## WORK REQUEST:
Show me every line in the listing that has the word "assms".

## DATA TO USE:
lemma pairing_minus_partial_sum_le:
  assumes "F \<in> dual_HA" "f \<in> dual_HA" "pointwise_sqnorm F x - partial_sqnorm F N x < \<eta>"
  shows "cmod (pairing F f x - (\<Sum>i<N. cnj (F i x) * f i x)) \<le> sqrt \<eta> * dual_norm f"
proof -
  have "sqrt (pointwise_sqnorm F x - partial_sqnorm F N x) \<le> sqrt \<eta>" using assms(3) by simp
  then show ?thesis
    using pairing_minus_partial_sum[OF assms(1,2), of x N] partial_sqnorm_le_dual_norm(2)[OF assms(2)]
    by (meson mult_right_mono order_trans)
qed

lemma pairing_bound:
  assumes "F \<in> dual_HA" "f \<in> dual_HA"
  shows "cmod (pairing F f x) \<le> dual_norm F * dual_norm f"
proof -
  have "cmod (pairing F f x) \<le> sqrt (pointwise_sqnorm F x) * dual_norm f"
    using pairing_minus_partial_sum[OF assms, of x 0] by (simp add: partial_sqnorm_def)
  also have "\<dots> \<le> dual_norm F * dual_norm f"
    using real_sqrt_le_mono[OF pointwise_sqnorm_le_dual_norm[OF assms(1)]]
      partial_sqnorm_le_dual_norm(2)[OF assms(1)] partial_sqnorm_le_dual_norm(2)[OF assms(2)]
    by (intro mult_right_mono) simp_all
  finally show ?thesis .
qed

lemma pairing_add:
  assumes "F \<in> dual_HA" "f \<in> dual_HA" "g \<in> dual_HA"
  shows "pairing F (\<lambda>i x. f i x + g i x) x = pairing F f x + pairing F g x"
  unfolding pairing_def
  using suminf_add[OF pairing_summable[OF assms(1,2)] pairing_summable[OF assms(1,3)]]
  by (simp add: distrib_left)

lemma pairing_mult:
  fixes F f :: "nat \<Rightarrow> 'a::topological_space \<Rightarrow> complex" and a :: "'a \<Rightarrow> complex"
  assumes "F \<in> dual_HA" "f \<in> dual_HA"
  shows "pairing F (\<lambda>i x. f i x * a x) x = pairing F f x * a x"
  unfolding pairing_def using suminf_mult2[OF pairing_summable[OF assms], where c = "a x"]
  by (simp add: mult.assoc)

lemma pairing_hat_e: "pairing F (hat_e i) x = cnj (F i x)"
proof -
  have "(\<lambda>j. cnj (F j x) * hat_e i j x) = (\<lambda>j. if j = i then cnj (F j x) else 0)"
    unfolding hat_e_def by auto
  then show ?thesis
    unfolding pairing_def using sums_unique[OF sums_single[of i "\<lambda>j. cnj (F j x)"]] by simp
qed

lemma pairing_self: "F \<in> dual_HA \<Longrightarrow> pairing F F x = complex_of_real (pointwise_sqnorm F x)"
  unfolding pairing_def pointwise_sqnorm_def cnj_mult_self_eq_sqnorm
  by (rule suminf_of_real[symmetric, OF dual_HA_summable])

lemma bidual_HA_continuous: "\<Phi> \<in> bidual_HA \<Longrightarrow> f \<in> dual_HA \<Longrightarrow> continuous_on UNIV (\<Phi> f)"
  unfolding bidual_HA_def CX_def by blast

lemma bidual_HA_add:
  "\<Phi> \<in> bidual_HA \<Longrightarrow> f \<in> dual_HA \<Longrightarrow> g \<in> dual_HA \<Longrightarrow>
    \<Phi> (\<lambda>i x. f i x + g i x) = (\<lambda>x. \<Phi> f x + \<Phi> g x)"
  unfolding bidual_HA_def by blast

lemma bidual_HA_mult:
  "\<Phi> \<in> bidual_HA \<Longrightarrow> f \<in> dual_HA \<Longrightarrow> a \<in> CX \<Longrightarrow> \<Phi> (\<lambda>i x. f i x * a x) = (\<lambda>x. \<Phi> f x * a x)"
  unfolding bidual_HA_def by blast
lemma sum_order_first_quadrant_eq_if_homotopic:
  fixes p q :: "complex poly"
  assumes "p \<noteq> 0" "q \<noteq> 0" "0 < R"
    and roots_small: "\<And>z. poly p z = 0 \<or> poly q z = 0 \<Longrightarrow> 2 * norm z < R"
    and real_axis: "\<And>x. 0 \<le> x \<Longrightarrow> 0 \<notin> closed_segment (poly q (of_real x)) (poly p (of_real x))"
    and imag_axis: "\<And>y. 0 \<le> y \<Longrightarrow> 0 \<notin> closed_segment (poly q (\<i> * of_real y)) (poly p (\<i> * of_real y))"
    and diagonal: "\<And>z. Re z + Im z = R \<Longrightarrow> 0 \<notin> closed_segment (poly q z) (poly p z)"
  shows "(\<Sum>z\<in>{z. Re z > 0 \<and> Im z > 0 \<and> poly p z = 0}. order z p) =
         (\<Sum>z\<in>{z. Re z > 0 \<and> Im z > 0 \<and> poly q z = 0}. order z q)"
proof -
  have "0 \<notin> closed_segment (poly q z) (poly p z)" if "z \<in> path_image (quadrant_triangle R)" for z
    using that less_imp_le[OF \<open>0 < R\<close>]
    by (cases rule: path_image_quadrant_triangle_cases) (use real_axis imag_axis diagonal in auto)
  moreover have "path (quadrant_triangle R)"
    by (simp add: valid_path_imp_path valid_path_quadrant_triangle)
  ultimately have "winding_number (poly p \<circ> quadrant_triangle R) 0 =
                   winding_number (poly q \<circ> quadrant_triangle R) 0"
    by (intro winding_number_loops_linear_eq)
       (auto simp: path_image_def pathfinish_compose pathstart_compose pathfinish_quadrant_triangle
          intro!: path_continuous_image continuous_intros)
  moreover have "winding_number (poly p \<circ> quadrant_triangle R) 0 =
                  of_nat (\<Sum>z\<in>{z. Re z > 0 \<and> Im z > 0 \<and> poly p z = 0}. order z p)"
    using real_axis imag_axis roots_small
    by (intro winding_number_poly_quadrant_triangle \<open>p \<noteq> 0\<close> \<open>0 < R\<close>) (metis ends_in_segment(2))+
  moreover have "winding_number (poly q \<circ> quadrant_triangle R) 0 =
                  of_nat (\<Sum>z\<in>{z. Re z > 0 \<and> Im z > 0 \<and> poly q z = 0}. order z q)"
    using real_axis imag_axis roots_small
    by (intro winding_number_poly_quadrant_triangle \<open>q \<noteq> 0\<close> \<open>0 < R\<close>) (metis ends_in_segment(1))+
  ultimately show ?thesis
    by (metis of_nat_eq_iff)
qed

lemma first_quadrant_roots_power4_plus_one:
  "{z. Re z > 0 \<and> Im z > 0 \<and> z ^ 4 + 1 = 0} = {Complex (sqrt 2 / 2) (sqrt 2 / 2)}"
proof (intro equalityI subsetI)
  fix z assume "z \<in> {z. Re z > 0 \<and> Im z > 0 \<and> z ^ 4 + 1 = 0}"
  then have pos: "Re z > 0" "Im z > 0" and root: "z ^ 4 + 1 = 0" by auto
  have "(z\<^sup>2 - \<i>) * (z\<^sup>2 + \<i>) = z ^ 4 + 1" by (simp add: algebra_simps eval_nat_numeral)
  moreover have "Im (z\<^sup>2) > 0" using pos by (simp add: power2_eq_square)
  then have "z\<^sup>2 + \<i> \<noteq> 0" by (auto simp: complex_eq_iff)
  ultimately have "z\<^sup>2 = \<i>" using root by simp
  then have "Re z ^ 2 = Im z ^ 2" and prod: "2 * Re z * Im z = 1"
    by (auto simp: complex_eq_iff power2_eq_square algebra_simps)
  then have "Re z = Im z" using pos by (simp add: power2_eq_iff_nonneg)
  with prod have "Re z ^ 2 = (sqrt 2 / 2) ^ 2" by (simp add: power2_eq_square power_divide)
  then have "Re z = sqrt 2 / 2" using pos by (simp add: power2_eq_iff_nonneg)
  with \<open>Re z = Im z\<close> show "z \<in> {Complex (sqrt 2 / 2) (sqrt 2 / 2)}"
    by (simp add: complex_eq_iff)
next
  fix z assume "z \<in> {Complex (sqrt 2 / 2) (sqrt 2 / 2)}"
  moreover have "Complex (sqrt 2 / 2) (sqrt 2 / 2) ^ 2 = \<i>"
    by (simp add: complex_eq_iff power2_eq_square)
  ultimately have "z\<^sup>2 = \<i>" by simp
  then have "z ^ 4 = -1" by (metis power_mult numeral_Bit0 numeral_One mult_2 power2_i)
  then show "z \<in> {z. Re z > 0 \<and> Im z > 0 \<and> z ^ 4 + 1 = 0}"
    using \<open>z \<in> _\<close> by simp
qed

lemma sum_order_first_quadrant_power4_plus_one:
  "(\<Sum>z\<in>{z. Re z > 0 \<and> Im z > 0 \<and> poly (monom 1 4 + 1) z = 0}.
     order z (monom 1 4 + 1 :: complex poly)) = 1"
proof -
  let ?G = "monom 1 4 + 1 :: complex poly"
  have "coeff ?G 4 = 1" by (simp add: coeff_monom)
  then have "?G \<noteq> 0" by (metis coeff_0 zero_neq_one)
  have "poly (pderiv ?G) z = 4 * z ^ 3" for z
    by (simp add: pderiv_add pderiv_monom poly_monom)
  then have "rsquarefree ?G"
    by (auto simp: rsquarefree_roots poly_monom)
  moreover have "poly ?G (Complex (sqrt 2 / 2) (sqrt 2 / 2)) = 0"
    using first_quadrant_roots_power4_plus_one by (auto simp: poly_monom)
  ultimately show ?thesis
    using rsquarefree_root_order[OF _ _ \<open>?G \<noteq> 0\<close>] first_quadrant_roots_power4_plus_one
    by (simp add: poly_monom)
qed

lemma sum_order_first_quadrant_monic_quartic:
  fixes p :: "complex poly"
  assumes "degree p = 4" "lead_coeff p = 1"
    and real_axis: "\<And>x. 0 \<le> x \<Longrightarrow> poly p (of_real x) \<notin> \<real>\<^sub>\<le>\<^sub>0"
    and imag_axis: "\<And>y. 0 \<le> y \<Longrightarrow> poly p (\<i> * of_real y) \<notin> \<real>\<^sub>\<le>\<^sub>0"
  shows "(\<Sum>z\<in>{z. Re z > 0 \<and> Im z > 0 \<and> poly p z = 0}. order z p) = 1"
proof -
  define G where "G = monom 1 4 + (1 :: complex poly)"
  have poly_G: "poly G z = z ^ 4 + 1" for z by (simp add: G_def poly_monom)
  obtain C where "0 < C" and dominant: "\<And>z. C \<le> norm z \<Longrightarrow> norm (poly p z - poly G z) < norm (poly G z)"
    using monic_poly_close_to_power_plus_one[OF assms(1,2)] unfolding poly_G by auto
  have G_axes: "poly G (of_real x) = of_real (x ^ 4 + 1)" "poly G (\<i> * of_real x) = of_real (x ^ 4 + 1)"
    "0 < x ^ 4 + 1" for x
    by (simp_all add: poly_G power_mult_distrib add_nonneg_pos zero_le_power_eq)
  have "(\<Sum>z\<in>{z. Re z > 0 \<and> Im z > 0 \<and> poly p z = 0}. order z p) =
        (\<Sum>z\<in>{z. Re z > 0 \<and> Im z > 0 \<and> poly G z = 0}. order z G)"
  proof (rule sum_order_first_quadrant_eq_if_homotopic[where R = "2 * C"])
    show "p \<noteq> 0" "G \<noteq> 0" using assms(1) poly_G[of 0] by auto
    show "2 * norm z < 2 * C" if "poly p z = 0 \<or> poly G z = 0" for z
      using dominant[of z] that by force
    show "0 \<notin> closed_segment (poly G (of_real x)) (poly p (of_real x))" if "0 \<le> x" for x
      unfolding G_axes(1) using G_axes(3) real_axis[OF that] by (rule zero_notin_closed_segment_of_real)
    show "0 \<notin> closed_segment (poly G (\<i> * of_real y)) (poly p (\<i> * of_real y))" if "0 \<le> y" for y
      unfolding G_axes(2) using G_axes(3) imag_axis[OF that] by (rule zero_notin_closed_segment_of_real)
    show "0 \<notin> closed_segment (poly G z) (poly p z)" if "Re z + Im z = 2 * C" for z
      using dominant[of z] Re_plus_Im_le_2_norm[of z] that
      by (intro zero_notin_closed_segment_if_norm_diff_less) simp
  qed (use \<open>0 < C\<close> in simp)
  also have "\<dots> = 1"
    unfolding G_def by (rule sum_order_first_quadrant_power4_plus_one)
  finally show ?thesis .
qed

## TASK SOLUTION:
  have "sqrt (pointwise_sqnorm F x - partial_sqnorm F N x) \<le> sqrt \<eta>" using assms(3) by simp
    using pairing_minus_partial_sum[OF assms(1,2), of x N] partial_sqnorm_le_dual_norm(2)[OF assms(2)]
    using pairing_minus_partial_sum[OF assms, of x 0] by (simp add: partial_sqnorm_def)
    using real_sqrt_le_mono[OF pointwise_sqnorm_le_dual_norm[OF assms(1)]]
      partial_sqnorm_le_dual_norm(2)[OF assms(1)] partial_sqnorm_le_dual_norm(2)[OF assms(2)]
  using suminf_add[OF pairing_summable[OF assms(1,2)] pairing_summable[OF assms(1,3)]]
  unfolding pairing_def using suminf_mult2[OF pairing_summable[OF assms], where c = "a x"]
    using monic_poly_close_to_power_plus_one[OF assms(1,2)] unfolding poly_G by auto
    show "p \<noteq> 0" "G \<noteq> 0" using assms(1) poly_G[of 0] by auto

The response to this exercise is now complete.